> _Collected data_
*** Begin section ***
lemma sign_red_perm_hexflection:
  assumes "g \<in> G3" and "hexflection g"
  shows "sign (red_perm g) = -1"
proof -
  obtain b \<eta> where b: "\<forall>i. b $ i \<in> Eis" and hb: "herm b b = -1" and \<eta>: "primitive_sixth_root \<eta>"
    and g_apply: "\<forall>x. g *v x = x - ((1 - \<eta>) * herm b x / herm b b) *s b"
    using assms(2) unfolding hexflection_def by blast
  define \<beta> where "\<beta> = eis_red_vec b"
  have "herm_red \<beta> \<beta> = eis_red (herm b b)"
    unfolding \<beta>_def using b by (simp add: eis_red_herm)
  then have \<beta>: "\<beta> \<in> neg_norm_vecs"
    using hb eis_red_of_int[of "-1"] by (simp add: neg_norm_vecs_def)
  have act: "eis_red_mat g *v v = reflection_red \<beta> v" for v
    unfolding \<beta>_def using eis_red_mat_hexflection[OF G3_Eis[OF assms(1)] b hb \<eta> g_apply] .
  have "red_perm g = (\<lambda>v. if v \<in> neg_norm_vecs then reflection_red \<beta> v else v)"
    unfolding red_perm_def[abs_def] act ..
  moreover have "{v \<in> neg_norm_vecs. reflection_red \<beta> v \<noteq> v} = {v \<in> neg_norm_vecs. herm_red \<beta> v \<noteq> 0}"
    using \<beta> by (simp add: neg_norm_vecs_def reflection_red_eq_self_iff)
  moreover have "reflection_red \<beta> v \<in> neg_norm_vecs \<and> reflection_red \<beta> (reflection_red \<beta> v) = v"
    if "v \<in> neg_norm_vecs" for v
    using G3_maps_neg_norm_vecs[OF assms(1) that] \<beta>
    by (simp add: act neg_norm_vecs_def reflection_red_involutive)
  ultimately show ?thesis
    using sign_restricted_involution[of neg_norm_vecs "reflection_red \<beta>"]
      card_non_orthogonal_neg_norm_vecs[OF \<beta>]
    by simp
qed

theorem lemma8p6:
  shows "\<exists>\<epsilon> :: complex^4^4 \<Rightarrow> int.
           (\<forall>g\<in>G3. \<epsilon> g \<in> {1, -1}) \<and>
           (\<forall>g\<in>G3. \<forall>h\<in>G3. \<epsilon> (g ** h) = \<epsilon> g * \<epsilon> h) \<and>
           (\<forall>g\<in>G3. hexflection g \<longrightarrow> \<epsilon> g = -1) \<and>
           \<epsilon> (- mat 1) = -1"
proof (intro exI[of _ "\<lambda>g. sign (red_perm g)"] conjI ballI impI)
  show "sign (red_perm g) \<in> {1, -1}" for g
    by (simp add: sign_def)
next
  fix g h
  assume "g \<in> G3" and "h \<in> G3"
  then show "sign (red_perm (g ** h)) = sign (red_perm g) * sign (red_perm h)"
    by (simp add: red_perm_mult sign_compose permutation_red_perm)
qed (simp_all add: sign_red_perm_hexflection sign_red_perm_neg_one)

end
*** End section ***
The required output is the line containing "by (simp add: sign_def)" through the last line of the records above, each copied exactly and nothing more.

> _SOLUTION TO THIS PROBLEM_
    by (simp add: sign_def)
next
  fix g h
  assume "g \<in> G3" and "h \<in> G3"
  then show "sign (red_perm (g ** h)) = sign (red_perm g) * sign (red_perm h)"
    by (simp add: red_perm_mult sign_compose permutation_red_perm)
qed (simp_all add: sign_red_perm_hexflection sign_red_perm_neg_one)

end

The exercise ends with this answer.